Apr
18
2008
This has to be a new low for the Recording Industry Association of America (RIAA). Read about the brilliant strategy of suing a homeless man for infringement here. Sure, infringement is infringement; but remind me again how suing children, the elderly, dead people, and homeless individuals really helps its image? Understandably, the RIAA follows IP addresses to people, but could it be that the legal team is starting to realize just how absurd the lawsuit strategy is and doing things like this to bring on its own demise?
Apr
16
2008
Today’s New York Times ran an article about a fascinating lawsuit being filed against Georgia State University by three large academic publishers: Cambridge University Press, Oxford University Press and Sage Publications. The publishers contend that Georgia State University professors have engaged in “systematic, widespread and unauthorized copying and distribution of a vast amount of copyrighted works” and that these faculty members ought to obtain permission and pay licensing fees to utilize the copyrighted works.

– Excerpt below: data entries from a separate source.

(* Let $\epsilon<1/2$, $S\subseteq\{0,1\}^n$ and $f:S\to\{0,1\}$. If $f$ is $\epsilon$-approximated by functions $\{f_j\}_{j\in J}$ with $\mathsf{sumPI}(f_j)\le s$ for every $j\in J$, then $\mathsf{sumPI}(f)\le s/(1-2\epsilon)$.
   Context: $f$ is $\epsilon$-approximated by $\{f_j\}_{j\in J}$, $f_j:S\to\{0,1\}$, if there is a probability distribution $\alpha$ on $J$ such that for every $x\in S$, $\Pr_{j\sim\alpha}[f(x)=f_j(x)]\ge1-\epsilon$. For $g:S\to\{0,1\}$, with $p=\{p_x:x\in S\}$ ranging over families of probability distributions on $[n]$, $$\mathsf{sumPI}(g)=\min_{p}\ \max_{x,y\in S:\ g(x)\neq g(y)} \frac{1}{\sum_{i:\,x_i\neq y_i}\sqrt{p_x(i)p_y(i)}}.$$ *)

theory Defs
  imports "HOL-Probability.Probability"
begin

text \<open>Points of {0,1}^n are boolean lists of length n; coordinates are indexed by {0..<n}.
  Boolean functions S -> {0,1} are total functions bool list => bool, only their values on S matter.\<close>

definition prob_family :: "nat \<Rightarrow> bool list set \<Rightarrow> (bool list \<Rightarrow> nat \<Rightarrow> real) \<Rightarrow> bool" where
  "prob_family n S p \<longleftrightarrow>
     (\<forall>x\<in>S. (\<forall>i<n. 0 \<le> p x i) \<and> (\<Sum>i<n. p x i) = 1)"

definition pair_cost :: "nat \<Rightarrow> (bool list \<Rightarrow> nat \<Rightarrow> real) \<Rightarrow> bool list \<Rightarrow> bool list \<Rightarrow> ereal" where
  "pair_cost n p x y =
     (let t = (\<Sum>i\<in>{i. i < n \<and> x ! i \<noteq> y ! i}. sqrt (p x i * p y i))
      in if t = 0 then \<infinity> else ereal (1 / t))"

text \<open>sumPI(g) = min over p of max over x,y in S with g x ~= g y of pair_cost.
  The maximum over an empty set of pairs is taken to be 0.\<close>
definition sumPI :: "nat \<Rightarrow> bool list set \<Rightarrow> (bool list \<Rightarrow> bool) \<Rightarrow> ereal" where
  "sumPI n S g =
     (INF p \<in> {p. prob_family n S p}.
        Sup (insert 0 {pair_cost n p x y | x y. x \<in> S \<and> y \<in> S \<and> g x \<noteq> g y}))"

definition eps_approx :: "real \<Rightarrow> bool list set \<Rightarrow> (bool list \<Rightarrow> bool) \<Rightarrow> 'j set
    \<Rightarrow> ('j \<Rightarrow> bool list \<Rightarrow> bool) \<Rightarrow> bool" where
  "eps_approx eps S f J F \<longleftrightarrow>
     (\<exists>\<alpha> :: 'j pmf. set_pmf \<alpha> \<subseteq> J \<and>
        (\<forall>x\<in>S. measure_pmf.prob \<alpha> {j. f x = F j x} \<ge> 1 - eps))"

end

theory Submission
  imports Defs
begin

text \<open>For every \<open>j\<close> choose a family \<open>P j\<close> whose objective for \<open>F j\<close> is below \<open>c\<close>,
  and average these families under \<open>\<alpha>\<close>. By Cauchy-Schwarz the overlap
  \<open>\<Sum>i. sqrt (p x i * p y i)\<close> (over the coordinates where \<open>x\<close> and \<open>y\<close> differ) is concave
  in \<open>p\<close>, so the overlap of the average dominates the average of the overlaps. If \<open>f x \<noteq> f y\<close>,
  then \<open>F j\<close> separates \<open>x\<close> and \<open>y\<close> with probability at least \<open>1 - 2 eps\<close>, and every
  separating \<open>j\<close> contributes an overlap of at least \<open>1 / c\<close>; hence the averaged family has
  overlap at least \<open>(1 - 2 eps) / c\<close> on every such pair.\<close>

lemma integral_sqrt_mult_le:
  fixes a b :: "'a \<Rightarrow> real"
  assumes a: "integrable M a" "AE x in M. 0 \<le> a x"
    and b: "integrable M b" "AE x in M. 0 \<le> b x"
  shows "(\<integral>x. sqrt (a x * b x) \<partial>M) \<le> sqrt ((\<integral>x. a x \<partial>M) * (\<integral>x. b x \<partial>M))"
proof -
  define N where "N = (\<integral>\<^sup>+x. ennreal (sqrt (a x)) * ennreal (sqrt (b x)) \<partial>M)"
  have "N\<^sup>2 \<le> (\<integral>\<^sup>+x. ennreal (sqrt (a x)) ^ 2 \<partial>M) * (\<integral>\<^sup>+x. ennreal (sqrt (b x)) ^ 2 \<partial>M)"
    unfolding N_def using a b by (intro Cauchy_Schwarz_nn_integral) auto
  also have "\<dots> = (\<integral>\<^sup>+x. ennreal (a x) \<partial>M) * (\<integral>\<^sup>+x. ennreal (b x) \<partial>M)"
    using a(2) b(2) by (intro arg_cong2[where f = "(*)"] nn_integral_cong_AE) (auto simp: ennreal_power)
  also have "\<dots> = ennreal ((\<integral>x. a x \<partial>M) * (\<integral>x. b x \<partial>M))"
    using a b by (simp add: nn_integral_eq_integral ennreal_mult integral_nonneg_AE)
  finally have N2: "N\<^sup>2 \<le> ennreal ((\<integral>x. a x \<partial>M) * (\<integral>x. b x \<partial>M))" .
  have "(\<integral>x. sqrt (a x * b x) \<partial>M) = enn2real (\<integral>\<^sup>+x. ennreal (sqrt (a x * b x)) \<partial>M)"
    using a b by (intro integral_eq_nn_integral) auto
  also have "\<dots> = enn2real N"
    unfolding N_def using a(2) b(2)
    by (intro arg_cong[where f = enn2real] nn_integral_cong_AE) (auto simp: real_sqrt_mult ennreal_mult)
  also have "\<dots> \<le> sqrt ((\<integral>x. a x \<partial>M) * (\<integral>x. b x \<partial>M))"
  proof (rule real_le_rsqrt)
    have "enn2real N ^ 2 = enn2real (N\<^sup>2)" by (simp add: power2_eq_square enn2real_mult)
    also have "\<dots> \<le> (\<integral>x. a x \<partial>M) * (\<integral>x. b x \<partial>M)"
      using N2 a b by (intro enn2real_leI) (auto simp: integral_nonneg_AE)
    finally show "enn2real N ^ 2 \<le> (\<integral>x. a x \<partial>M) * (\<integral>x. b x \<partial>M)" .
  qed
  finally show ?thesis .
qed

lemma integrable_measure_pmf_bounded:
  fixes g :: "'a \<Rightarrow> real"
  assumes "\<And>j. j \<in> set_pmf \<alpha> \<Longrightarrow> \<bar>g j\<bar> \<le> B"
  shows "integrable (measure_pmf \<alpha>) g"
  by (rule measure_pmf.integrable_const_bound[where B = B]) (use assms in \<open>auto simp: AE_measure_pmf_iff\<close>)

lemma (in prob_space) prob_Int_ge:
  assumes "A \<in> events" "B \<in> events"
  shows "prob A + prob B - 1 \<le> prob (A \<inter> B)"
  using finite_measure_Union'[of A "B - A"] finite_measure_Diff'[of B A] prob_le_1[of "A \<union> B"] assms
  by (simp add: Un_Diff_cancel Int_commute)

lemma prob_family_le_1:
  assumes "prob_family n S p" "x \<in> S" "i < n"
  shows "p x i \<le> 1"
proof -
  have "p x i \<le> (\<Sum>k<n. p x k)"
    using assms by (intro member_le_sum) (auto simp: prob_family_def)
  with assms show ?thesis by (simp add: prob_family_def)
qed

definition overlap :: "nat \<Rightarrow> (bool list \<Rightarrow> nat \<Rightarrow> real) \<Rightarrow> bool list \<Rightarrow> bool list \<Rightarrow> real" where
  "overlap n p x y = (\<Sum>i\<in>{i. i < n \<and> x ! i \<noteq> y ! i}. sqrt (p x i * p y i))"

lemma overlap_nonneg:
  assumes "prob_family n S p" "x \<in> S" "y \<in> S"
  shows "0 \<le> overlap n p x y"
  using assms unfolding overlap_def prob_family_def by (auto intro!: sum_nonneg)

lemma pair_cost_le_iff:
  assumes "0 < c" "0 \<le> overlap n p x y"
  shows "pair_cost n p x y \<le> ereal c \<longleftrightarrow> 1 / c \<le> overlap n p x y"
  using assms unfolding pair_cost_def overlap_def[symmetric]
  by (auto simp: Let_def field_simps)

definition sumPI_objective :: "nat \<Rightarrow> bool list set \<Rightarrow> (bool list \<Rightarrow> bool)
    \<Rightarrow> (bool list \<Rightarrow> nat \<Rightarrow> real) \<Rightarrow> ereal" where
  "sumPI_objective n S g p = Sup (insert 0 {pair_cost n p x y | x y. x \<in> S \<and> y \<in> S \<and> g x \<noteq> g y})"

lemma sumPI_eq_INF_objective:
  "sumPI n S g = (INF p \<in> {p. prob_family n S p}. sumPI_objective n S g p)"
  unfolding sumPI_def sumPI_objective_def ..

lemma sumPI_nonneg: "0 \<le> sumPI n S g"
  unfolding sumPI_eq_INF_objective sumPI_objective_def by (intro INF_greatest Sup_upper) simp

lemma sumPI_objective_le_iff:
  "sumPI_objective n S g p \<le> ereal c \<longleftrightarrow>
     0 \<le> c \<and> (\<forall>x\<in>S. \<forall>y\<in>S. g x \<noteq> g y \<longrightarrow> pair_cost n p x y \<le> ereal c)"
  unfolding sumPI_objective_def by (auto simp: Sup_le_iff)

lemma overlap_ge_if_sumPI_objective_le:
  assumes "prob_family n S p" "sumPI_objective n S g p \<le> ereal c" "0 < c"
    and "x \<in> S" "y \<in> S" "g x \<noteq> g y"
  shows "1 / c \<le> overlap n p x y"
  using assms pair_cost_le_iff[OF \<open>0 < c\<close> overlap_nonneg] by (auto simp: sumPI_objective_le_iff)

definition mixture :: "'j pmf \<Rightarrow> ('j \<Rightarrow> bool list \<Rightarrow> nat \<Rightarrow> real) \<Rightarrow> bool list \<Rightarrow> nat \<Rightarrow> real" where
  "mixture \<alpha> P x i = measure_pmf.expectation \<alpha> (\<lambda>j. P j x i)"

context
  fixes \<alpha> :: "'j pmf" and P :: "'j \<Rightarrow> bool list \<Rightarrow> nat \<Rightarrow> real" and n S
  assumes P: "\<And>j. j \<in> set_pmf \<alpha> \<Longrightarrow> prob_family n S (P j)"
begin

lemma integrable_component:
  assumes "x \<in> S" "i < n"
  shows "integrable (measure_pmf \<alpha>) (\<lambda>j. P j x i)"
  using P prob_family_le_1[OF P] assms
  by (intro integrable_measure_pmf_bounded[where B = 1]) (auto simp: prob_family_def)

lemma integrable_sqrt_component:
  assumes "x \<in> S" "y \<in> S" "i < n"
  shows "integrable (measure_pmf \<alpha>) (\<lambda>j. sqrt (P j x i * P j y i))"
  using P prob_family_le_1[OF P] assms
  by (intro integrable_measure_pmf_bounded[where B = 1]) (auto simp: prob_family_def mult_le_one)

lemma prob_family_mixture: "prob_family n S (mixture \<alpha> P)"
  unfolding prob_family_def
proof (intro ballI conjI allI impI)
  fix x i assume "x \<in> S" "i < n"
  then show "0 \<le> mixture \<alpha> P x i"
    unfolding mixture_def using P by (intro integral_nonneg_AE) (auto simp: AE_measure_pmf_iff prob_family_def)
next
  fix x assume x: "x \<in> S"
  have "(\<Sum>i<n. mixture \<alpha> P x i) = measure_pmf.expectation \<alpha> (\<lambda>j. \<Sum>i<n. P j x i)"
    unfolding mixture_def using integrable_component[OF x] by (simp add: Bochner_Integration.integral_sum)
  also have "\<dots> = measure_pmf.expectation \<alpha> (\<lambda>j. 1)"
    using P x by (intro integral_cong_AE) (auto simp: AE_measure_pmf_iff prob_family_def)
  finally show "(\<Sum>i<n. mixture \<alpha> P x i) = 1" by simp
qed

lemma expectation_overlap_le_overlap_mixture:
  assumes "x \<in> S" "y \<in> S"
  shows "measure_pmf.expectation \<alpha> (\<lambda>j. overlap n (P j) x y) \<le> overlap n (mixture \<alpha> P) x y"
proof -
  let ?D = "{i. i < n \<and> x ! i \<noteq> y ! i}"
  have "measure_pmf.expectation \<alpha> (\<lambda>j. overlap n (P j) x y)
      = (\<Sum>i\<in>?D. measure_pmf.expectation \<alpha> (\<lambda>j. sqrt (P j x i * P j y i)))"
    unfolding overlap_def using integrable_sqrt_component assms
    by (intro Bochner_Integration.integral_sum) auto
  also have "\<dots> \<le> (\<Sum>i\<in>?D. sqrt (mixture \<alpha> P x i * mixture \<alpha> P y i))"
    unfolding mixture_def using integrable_component P assms
    by (intro sum_mono integral_sqrt_mult_le) (auto simp: AE_measure_pmf_iff prob_family_def)
  finally show ?thesis unfolding overlap_def .
qed

end

lemma sumPI_objective_mixture_le:
  assumes "eps < 1/2" "0 < c"
    and agree: "\<forall>x\<in>S. 1 - eps \<le> measure_pmf.prob \<alpha> {j. f x = F j x}"
    and P: "\<And>j. j \<in> set_pmf \<alpha> \<Longrightarrow> prob_family n S (P j)"
    and cost: "\<And>j. j \<in> set_pmf \<alpha> \<Longrightarrow> sumPI_objective n S (F j) (P j) \<le> ereal c"
  shows "sumPI_objective n S f (mixture \<alpha> P) \<le> ereal (c / (1 - 2 * eps))"
proof -
  have margin: "0 < 1 - 2 * eps" using \<open>eps < 1/2\<close> by simp
  have "1 / (c / (1 - 2 * eps)) \<le> overlap n (mixture \<alpha> P) x y"
    if xy: "x \<in> S" "y \<in> S" "f x \<noteq> f y" for x y
  proof -
    let ?Q = "{j. F j x \<noteq> F j y}"
    have "1 - 2 * eps \<le> measure_pmf.prob \<alpha> ({j. f x = F j x} \<inter> {j. f y = F j y})"
      using measure_pmf.prob_Int_ge[of "{j. f x = F j x}" \<alpha> "{j. f y = F j y}", simplified]
        bspec[OF agree \<open>x \<in> S\<close>] bspec[OF agree \<open>y \<in> S\<close>] by linarith
    also have "\<dots> \<le> measure_pmf.prob \<alpha> ?Q"
      using \<open>f x \<noteq> f y\<close> by (intro measure_pmf.finite_measure_mono) auto
    finally have "(1 - 2 * eps) / c \<le> measure_pmf.expectation \<alpha> (\<lambda>j. indicator ?Q j / c)"
      using \<open>0 < c\<close> by (simp add: divide_right_mono)
    also have "\<dots> \<le> measure_pmf.expectation \<alpha> (\<lambda>j. overlap n (P j) x y)"
    proof (intro integral_mono_AE)
      show "integrable (measure_pmf \<alpha>) (\<lambda>j. indicator ?Q j / c)"
        using \<open>0 < c\<close> by (intro integrable_measure_pmf_bounded[where B = "1 / c"]) (auto simp: indicator_def)
      show "integrable (measure_pmf \<alpha>) (\<lambda>j. overlap n (P j) x y)"
        unfolding overlap_def using integrable_sqrt_component[of \<alpha> n S P] P xy
        by (intro Bochner_Integration.integrable_sum) auto
      show "AE j in measure_pmf \<alpha>. indicator ?Q j / c \<le> overlap n (P j) x y"
        unfolding AE_measure_pmf_iff
        using overlap_ge_if_sumPI_objective_le[OF P cost \<open>0 < c\<close>] overlap_nonneg[OF P] xy
        by (auto simp: indicator_def)
    qed
    also have "\<dots> \<le> overlap n (mixture \<alpha> P) x y"
      using expectation_overlap_le_overlap_mixture[of \<alpha> n S P, OF P] xy by blast
    finally show ?thesis by simp
  qed
  then show ?thesis
    using assms margin pair_cost_le_iff[of "c / (1 - 2 * eps)"] overlap_nonneg
      prob_family_mixture[of \<alpha> n S P, OF P]
    by (auto simp: sumPI_objective_le_iff)
qed

lemma sumPI_le_if_eps_approx_by_less:
  assumes "eps < 1/2" "0 < c" "eps_approx eps S f J F" "\<forall>j\<in>J. sumPI n S (F j) < ereal c"
  shows "sumPI n S f \<le> ereal (c / (1 - 2 * eps))"
proof -
  obtain \<alpha> where "set_pmf \<alpha> \<subseteq> J"
    and agree: "\<forall>x\<in>S. 1 - eps \<le> measure_pmf.prob \<alpha> {j. f x = F j x}"
    using \<open>eps_approx eps S f J F\<close> unfolding eps_approx_def by blast
  then have "\<forall>j\<in>set_pmf \<alpha>. \<exists>p. prob_family n S p \<and> sumPI_objective n S (F j) p < ereal c"
    using assms(4) by (auto simp: sumPI_eq_INF_objective INF_less_iff)
  then obtain P where P: "\<And>j. j \<in> set_pmf \<alpha> \<Longrightarrow>
      prob_family n S (P j) \<and> sumPI_objective n S (F j) (P j) < ereal c"
    by metis
  have "sumPI n S f \<le> sumPI_objective n S f (mixture \<alpha> P)"
    unfolding sumPI_eq_INF_objective using P by (intro INF_lower) (simp add: prob_family_mixture)
  also have "\<dots> \<le> ereal (c / (1 - 2 * eps))"
    using assms(1,2) agree P by (intro sumPI_objective_mixture_le) (auto intro: less_imp_le)
  finally show ?thesis .
qed

theorem mainTheorem8:
  fixes n :: nat and S :: "bool list set" and f :: "bool list \<Rightarrow> bool"
    and J :: "'j set" and F :: "'j \<Rightarrow> bool list \<Rightarrow> bool" and eps s :: real
  assumes "eps < 1/2"
    and "S \<subseteq> {x. length x = n}"
    and "eps_approx eps S f J F"
    and "\<forall>j\<in>J. sumPI n S (F j) \<le> ereal s"
  shows "sumPI n S f \<le> ereal (s / (1 - 2 * eps))"
proof (rule ereal_le_epsilon2)
  have margin: "0 < 1 - 2 * eps" using assms(1) by simp
  obtain j where "j \<in> J"
    using assms(3) set_pmf_not_empty unfolding eps_approx_def by (metis ex_in_conv subset_iff)
  then have "0 \<le> s"
    using assms(4) sumPI_nonneg[of n S "F j"] by (metis ereal_less_eq(5) order_trans)
  fix e :: real assume "0 < e"
  let ?c = "s + e * (1 - 2 * eps)"
  have "sumPI n S f \<le> ereal (?c / (1 - 2 * eps))"
    using assms(4) \<open>0 \<le> s\<close> \<open>0 < e\<close> margin
    by (intro sumPI_le_if_eps_approx_by_less[OF assms(1) _ assms(3)]) (auto intro: order.strict_trans1)
  also have "?c / (1 - 2 * eps) = s / (1 - 2 * eps) + e"
    using margin by (simp add: field_simps)
  finally show "sumPI n S f \<le> ereal (s / (1 - 2 * eps)) + ereal e" by simp
qed

end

What’s interesting about this lawsuit is that members of educational institutions - including faculty and students - have been granted the right to copy and distribute substantial portions of copyrighted works for the purpose of teaching, discussion, scholarship, and research; this is what is known as educational fair use. Unlike the general fair use principle outlined by the 1976 Copyright Act, the principles guiding educational fair use are something of a “treaty” between publishers and educators - an agreement to provide “greater certainty and protection” to members of the academic community. According to the aforementioned publishers, Georgia State University faculty have violated that treaty, copying and distributing much more copyrighted work than acceptable under the agreed upon guidelines.

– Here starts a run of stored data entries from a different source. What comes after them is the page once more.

(* Let $i\in\{1,\dots,n\}$, let $F_i$ be the $i$th coordinate face of $\mathbf P$ and let $\eta_i$ be the least element (with respect to $\le$) of the set $P_i$ of weights in $F_i$. Then $F_i$ is a facet of $\mathbf P$ if and only if $(\eta_i,\tilde\omega_j)\ne m_j$ for all $j\ne i$.
   Context: Let $\mathfrak g$ be a finite-dimensional complex simple Lie algebra with root system $\Phi$, base $\Pi=\{\alpha_1,\dots,\alpha_n\}$, Weyl group $W$; $E$ is the real span of $\Pi$ with $W$-invariant inner product $(\cdot,\cdot)$. Let $\omega_i$ be the fundamental weights and $\tilde\omega_i=2\omega_i/(\alpha_i,\alpha_i)$, so $(\tilde\omega_i,\alpha_j)=\delta_{ij}$; thus $(x,\tilde\omega_i)$ is the coefficient of $\alpha_i$ in $x\in E$. Fix a dominant integral weight $\lambda=\sum_i m_i\alpha_i$, and let $P(\lambda)$ be the set of weights of the irreducible module of highest weight $\lambda$. Weight polytope $\mathbf P=\mathrm{conv}(W\lambda)$. $P_i=\{\mu\in P(\lambda)\mid(\mu,\tilde\omega_i)=m_i\}$ and the $i$th coordinate face is $F_i=\mathrm{conv}(P_i)$ (which has a least element in the order $\mu\le\nu$ iff $\nu-\mu$ is a nonnegative integer combination of simple roots). A facet here means a face of dimension $n-1$. *)

theory Defs
  imports "HOL-Analysis.Analysis"
begin

text \<open>Abstract (reduced, crystallographic) root systems in a Euclidean space 'a,
  which plays the role of E; the inner product of 'a is the W-invariant inner product.\<close>

definition rs_refl :: "'a::euclidean_space \<Rightarrow> 'a \<Rightarrow> 'a" where
  "rs_refl \<alpha> x = x - (2 * inner x \<alpha> / inner \<alpha> \<alpha>) *\<^sub>R \<alpha>"
(* Let $p\ge1$, let $\bm A\in\mathbb{R}^{m\times d}$, $\bm B\in\mathbb{R}^{n\times d}$ and $\bm V\in\mathbb{R}^{d\times k}$. Then \[d^p_{\mathrm{ERP}}(\bm A\bm V,\bm B\bm V)\le d^p_{\mathrm{ERP}}(\bm A,\bm B)\,\|\bm V\|_p.\] Moreover, if $\bm A,\bm B$ are sequences of one-hot vectors, then \[d^p_{\mathrm{ERP}}(\bm A\bm V,\bm B\bm V)\le d_{\mathrm{Lev}}(\bm A,\bm B)\cdot M(\bm V),\qquad M(\bm V)=\max\Big\{\max_{i\in\{1,\dots,d\}}\|\bm v_i\|_p,\ \max_{i,j\in\{1,\dots,d\}}\|\bm v_i-\bm v_j\|_p\Big\},\] where $\bm v_i$ is the $i$-th row of $\bm V$.
   Context: $\bm A\bm V$ is the sequence with rows $\bm a_i\bm V$ (row vector times matrix), and $\|\bm V\|_p$ is the operator norm of $\bm x\mapsto\bm x\bm V$ induced by the $\ell_p$ norm. The ERP distance is defined recursively: $d^p_{\mathrm{ERP}}(\bm A,\emptyset)=\sum_{i}\|\bm a_i\|_p$, $d^p_{\mathrm{ERP}}(\emptyset,\bm B)=\sum_{i}\|\bm b_i\|_p$, and otherwise $d^p_{\mathrm{ERP}}(\bm A,\bm B)=\min\{\|\bm a_1\|_p+d^p_{\mathrm{ERP}}(\bm A_{2:},\bm B),\ \|\bm b_1\|_p+d^p_{\mathrm{ERP}}(\bm A,\bm B_{2:}),\ \|\bm a_1-\bm b_1\|_p+d^p_{\mathrm{ERP}}(\bm A_{2:},\bm B_{2:})\}$ ($\emptyset$ the empty sequence, $\bm A_{2:}$ removes the first row). One-hot vectors are vectors in $\{0,1\}^d$ with exactly one entry equal to $1$; $d_{\mathrm{Lev}}$ is the Levenshtein distance (minimum number of single-element insertions, deletions and substitutions). *)

theory Defs
  imports "HOL-Analysis.Analysis"
begin

text \<open>Vectors in R^d are \<open>real ^ 'd\<close>; a d x k matrix is \<open>real ^ 'k ^ 'd\<close>,
  whose i-th row is \<open>V $ i\<close>. A sequence (matrix with m rows) is a list of row vectors.\<close>

definition lp_norm :: "real \<Rightarrow> real ^ 'n \<Rightarrow> real" where
  "lp_norm p x = (\<Sum>i\<in>UNIV. \<bar>x $ i\<bar> powr p) powr (1 / p)"

definition op_norm_p :: "real \<Rightarrow> real ^ 'k ^ 'd \<Rightarrow> real" where
  "op_norm_p p V = Sup {lp_norm p (x v* V) | x :: real ^ 'd. lp_norm p x \<le> 1}"

definition seq_mult :: "(real ^ 'd) list \<Rightarrow> real ^ 'k ^ 'd \<Rightarrow> (real ^ 'k) list" where
  "seq_mult A V = map (\<lambda>a. a v* V) A"

function erp :: "real \<Rightarrow> (real ^ 'n) list \<Rightarrow> (real ^ 'n) list \<Rightarrow> real" where
  "erp p [] bs = (\<Sum>b\<leftarrow>bs. lp_norm p b)"
| "erp p (a # as) [] = (\<Sum>x\<leftarrow>a # as. lp_norm p x)"
| "erp p (a # as) (b # bs) =
     min (lp_norm p a + erp p as (b # bs))
       (min (lp_norm p b + erp p (a # as) bs)
            (lp_norm p (a - b) + erp p as bs))"
  by pat_completeness auto
termination by (relation "Wellfounded.measure (\<lambda>(p, as, bs). length as + length bs)") auto

function lev :: "'a list \<Rightarrow> 'a list \<Rightarrow> nat" where
  "lev [] bs = length bs"
| "lev (a # as) [] = length (a # as)"
| "lev (a # as) (b # bs) =
     min (1 + lev as (b # bs))
       (min (1 + lev (a # as) bs)
            ((if a = b then 0 else 1) + lev as bs))"
  by pat_completeness auto
termination by (relation "Wellfounded.measure (\<lambda>(as, bs). length as + length bs)") auto

definition one_hot :: "real ^ 'n \<Rightarrow> bool" where
  "one_hot x \<longleftrightarrow> (\<forall>i. x $ i \<in> {0, 1}) \<and> card {i. x $ i = 1} = 1"

definition M_const :: "real \<Rightarrow> real ^ 'k ^ 'd \<Rightarrow> real" where
  "M_const p V = max (Max {lp_norm p (V $ i) | i. True})
                     (Max {lp_norm p (V $ i - V $ j) | i j. True})"

end

theory Submission
  imports Defs
begin

text \<open>ERP and Levenshtein distance obey the same three-branch recursion, with branch costs
  \<open>\<parallel>a\<parallel>\<^sub>p\<close>, \<open>\<parallel>b\<parallel>\<^sub>p\<close>, \<open>\<parallel>a - b\<parallel>\<^sub>p\<close> for ERP and \<open>1\<close>, \<open>1\<close>, \<open>[a \<noteq> b]\<close> for Levenshtein. Hence any
  map \<open>f\<close> that bounds each cost of the transformed sequences by a constant multiple of the
  corresponding cost of the original ones bounds the whole distance, by induction along the
  recursion. For \<open>x \<mapsto> x V\<close> the multiple is \<open>\<parallel>V\<parallel>\<^sub>p\<close> by definition of the operator norm;
  on one-hot vectors \<open>x V\<close> is a row of \<open>V\<close>, so every ERP cost is at most \<open>M(V)\<close> and the
  substitution cost vanishes when the two one-hot vectors coincide.\<close>

lemma lp_norm_nonneg: "0 \<le> lp_norm p x"
  unfolding lp_norm_def by simp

This will certainly be a worthwhile story to watch. Here at the University of Michigan, we have been discussing the notion of fair use in the context of Open Educational Resources initiatives. And, while the New York Times article rightly points out how most lawsuits of this sort are resolved during litigation, I can only hope that whatever does come of this will help bring new light to the need for a rigorous discussion about fair use and digital media, fair use and the digital age.